Дорис Лессинг - Маара и Данн
— Хорошо. Свободен. Приходи к сестре, когда время будет.
Данн еще раз отсалютовал, развернулся и четким шагом вышел, многозначительно взглянув на Маару, напоминая о планах побега.
Шабис сел на место, оставленное Данном.
— Маара, а ты не желаешь стать шпионкой? — Он расхохотался, увидев, какую брезгливую мину она состроила. — Я бы хотел, чтобы ты сопровождала меня на переговоры, а потом осталась для работы над планом — и для наблюдения, естественно. Это ненадолго.
— И я там останусь одна? Среди хеннов? — Маару охватил ужас. — Да я ведь их друг от друга не отличу. Удивляюсь, как они сами разбираются.
— Не очень-то они разбираются. Поэтому и ввели метки, специальные значки.
— Почему они такие? Какая-то болезнь?
— Не знаю. Думаю, что какая-то внутренняя сущность растворяется в них, растекается и глохнет…
Маара сосредоточилась и продекламировала:
Искра жизни, огонек летучийГаснет, разгореться не успев…
— Откуда это? — удивился Шабис.
— Не знаю. У меня в голове часто вертятся какие-то слова, фразы, неясные мысли, и я не знаю, откуда они берутся. Может быть, из детства.
— Что ж, верно схвачено. Искра, летучий огонек. Но гаснет он, там, или глохнет, а пулеброс-то они скопировали, а не мы. Соображают все-таки.
— И потому мне еще меньше нравятся.
— Значит, не хочешь?
— Шабис, зачем ты спрашиваешь? Я ведь твоя пленница и должна тебе подчиняться.
— И только?
— Да я и сама не знаю. Долго над этим размышляю. От этих хеннов просто мурашки по коже ползут. Кажется, я поняла эти строчки про искру жизни, только когда их увидела.
Маара долго размышляла, оставшись одна в своей комнате. В своей комнате! Наедине сама с собой! Разве это не счастье?
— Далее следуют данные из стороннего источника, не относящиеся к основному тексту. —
lemma P_entry_diff_le:
  assumes "\<And>t i j. (j, i) \<in> E \<Longrightarrow> \<alpha> \<le> avg_weights t $ i $ j" and "0 \<le> \<alpha>" and "\<alpha> \<le> 1"
    and "\<And>i. (c, i) \<in> E ^^ L" and "0 < L"
  shows "\<bar>P t $ i $ k - P t $ j $ k\<bar> \<le> (1 - \<alpha> ^ L) ^ (t div L)"
proof -
  interpret column: averaging_process "\<lambda>t. column k (P t)" avg_weights E \<alpha>
    using assms(1,2) by (rule P_column_averaging)
  obtain i0 j0 where "spread (column k (P 0)) = P 0 $ i0 $ k - P 0 $ j0 $ k"
    by (metis spread_eq_diff column_def vec_lambda_beta)
  then have "spread (column k (P 0)) \<le> 1"
    using P_bounds[of 0 i0 k] P_bounds[of 0 j0 k] by simp
  have "\<bar>P t $ i $ k - P t $ j $ k\<bar> \<le> spread (column k (P t))"
    using abs_diff_le_spread[of "column k (P t)" i j] by (simp add: column_def)
  also have "\<dots> \<le> (1 - \<alpha> ^ L) ^ (t div L) * spread (column k (P 0))"
    by (rule column.spread_decay[OF assms(4,5,3)])
  also have "\<dots> \<le> (1 - \<alpha> ^ L) ^ (t div L)"
    using \<open>spread (column k (P 0)) \<le> 1\<close> assms(2,3) by (simp add: mult_left_le power_le_one)
  finally show ?thesis .
qed

lemma mu_decay:
  assumes "\<And>t i j. (j, i) \<in> E \<Longrightarrow> \<alpha>0 \<le> A t $ i $ j" and "0 < \<alpha>0"
    and "\<And>i. (c, i) \<in> E ^^ L" and "0 < L"
  shows "\<exists>K \<alpha>. 0 \<le> K \<and> 0 < \<alpha> \<and> \<alpha> \<le> 1/2 \<and> (\<forall>t. mu (X t) \<le> K * (1 - \<alpha> ^ L) ^ (t div L))"
proof -
  obtain S where S: "\<And>t i. rowsum t $ i \<le> S"
    using rowsum_bounded by blast
  have "1 \<le> S"
    using rowsum_ge_one S order_trans by blast
  define \<alpha> where "\<alpha> = min (\<alpha>0 / S) (1/2)"
  have "0 < \<alpha>"
    using \<open>0 < \<alpha>0\<close> \<open>1 \<le> S\<close> by (simp add: \<alpha>_def)
  have "\<alpha> \<le> 1/2"
    unfolding \<alpha>_def by (rule min.cobounded2)
  have weights: "\<alpha> \<le> avg_weights t $ i $ j" if "(j, i) \<in> E" for t i j
    using avg_weights_ge[OF assms(1)[OF that] S] unfolding \<alpha>_def by (rule min.coboundedI1)
  have entry: "\<bar>P t $ i $ k - P t $ j $ k\<bar> \<le> (1 - \<alpha> ^ L) ^ (t div L)" for t i j k
    using \<open>0 < \<alpha>\<close> \<open>\<alpha> \<le> 1/2\<close> by (intro P_entry_diff_le[OF weights _ _ assms(3,4)]) auto
  have "norm (X t $ i - X t $ j) \<le> 2 * S * (real CARD('n) * (1 - \<alpha> ^ L) ^ (t div L))" for t i j
  proof -
    have "(\<Sum>k\<in>UNIV. \<bar>P t $ i $ k - P t $ j $ k\<bar>) \<le> (\<Sum>k\<in>(UNIV::'n set). (1 - \<alpha> ^ L) ^ (t div L))"
      by (intro sum_mono entry)
    then show ?thesis
      using \<open>1 \<le> S\<close> by (intro order_trans[OF row_diff_le[OF S]] mult_left_mono) auto
  qed
  then have "mu (X t) \<le> real CARD('n) * (2 * S * (real CARD('n) * (1 - \<alpha> ^ L) ^ (t div L)))" for t
    by (rule mu_le_if_row_dist_le)
  then show ?thesis
    using \<open>0 < \<alpha>\<close> \<open>\<alpha> \<le> 1/2\<close> \<open>1 \<le> S\<close>
    by (intro exI[of _ "real CARD('n) * (2 * S * real CARD('n))"] exI[of _ \<alpha>]) (simp add: mult_ac)
qed

end

section \<open>The convergence rate\<close>

lemma power_div_le_powr:
  fixes b :: real
  assumes "0 < b" and "b \<le> 1" and "0 < L"
  shows "b ^ (t div L) \<le> b powr (real t / real L) / b"
proof -
  have "t mod L < L"
    using assms(3) by simp
  then have "t \<le> t div L * L + L"
    using div_mult_mod_eq[of t L] by linarith
  then have "real t \<le> real (t div L) * real L + real L"
    by (metis of_nat_add of_nat_le_iff of_nat_mult)
  then have "real t / real L - 1 \<le> real (t div L)"
    using assms(3) by (simp add: field_simps)
  then have "b powr real (t div L) \<le> b powr (real t / real L - 1)"
    using assms(1,2) by (intro powr_mono') auto
  then show ?thesis
    using assms(1) by (simp add: powr_realpow powr_diff)
qed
Шабис хотел преобразовать страну, сделать ее свободнее, легче на подъем, использовать сэкономленные от войны деньги на развитие хозяйства. Но так ли уж много уходило на войну? Битвы случались не часто, в основном мелкие стычки. Данн не ошибался, называя Чарад — по крайней мере, эту его часть — застойной дырой. Армия владела фермами и мастерскими, строила города на развалинах старых, обучала мужчин и женщин, жизнь текла урегулированным порядком. Шабис собирался сократить армию вдвое, оставив войска на случай непредвиденных нападений противника. Но освобожденных от армии людей нужно будет чем-то занять. Какой работой? Шабис предполагал заняться перестройкой старых городов и очисткой русел рек. Но когда люди, ныне связанные армейской дисциплиной, начнут конкурировать друг с другом из-за работы, что тогда? С армейской, генеральской точки зрения все просто. Но Маара видела опасности, кроющиеся в недовольстве населения, видела и угрозу со стороны мака. Шабис на это возразил, что будет разработана специальная система наказаний, предусматривающая суды, тюрьмы, полицию.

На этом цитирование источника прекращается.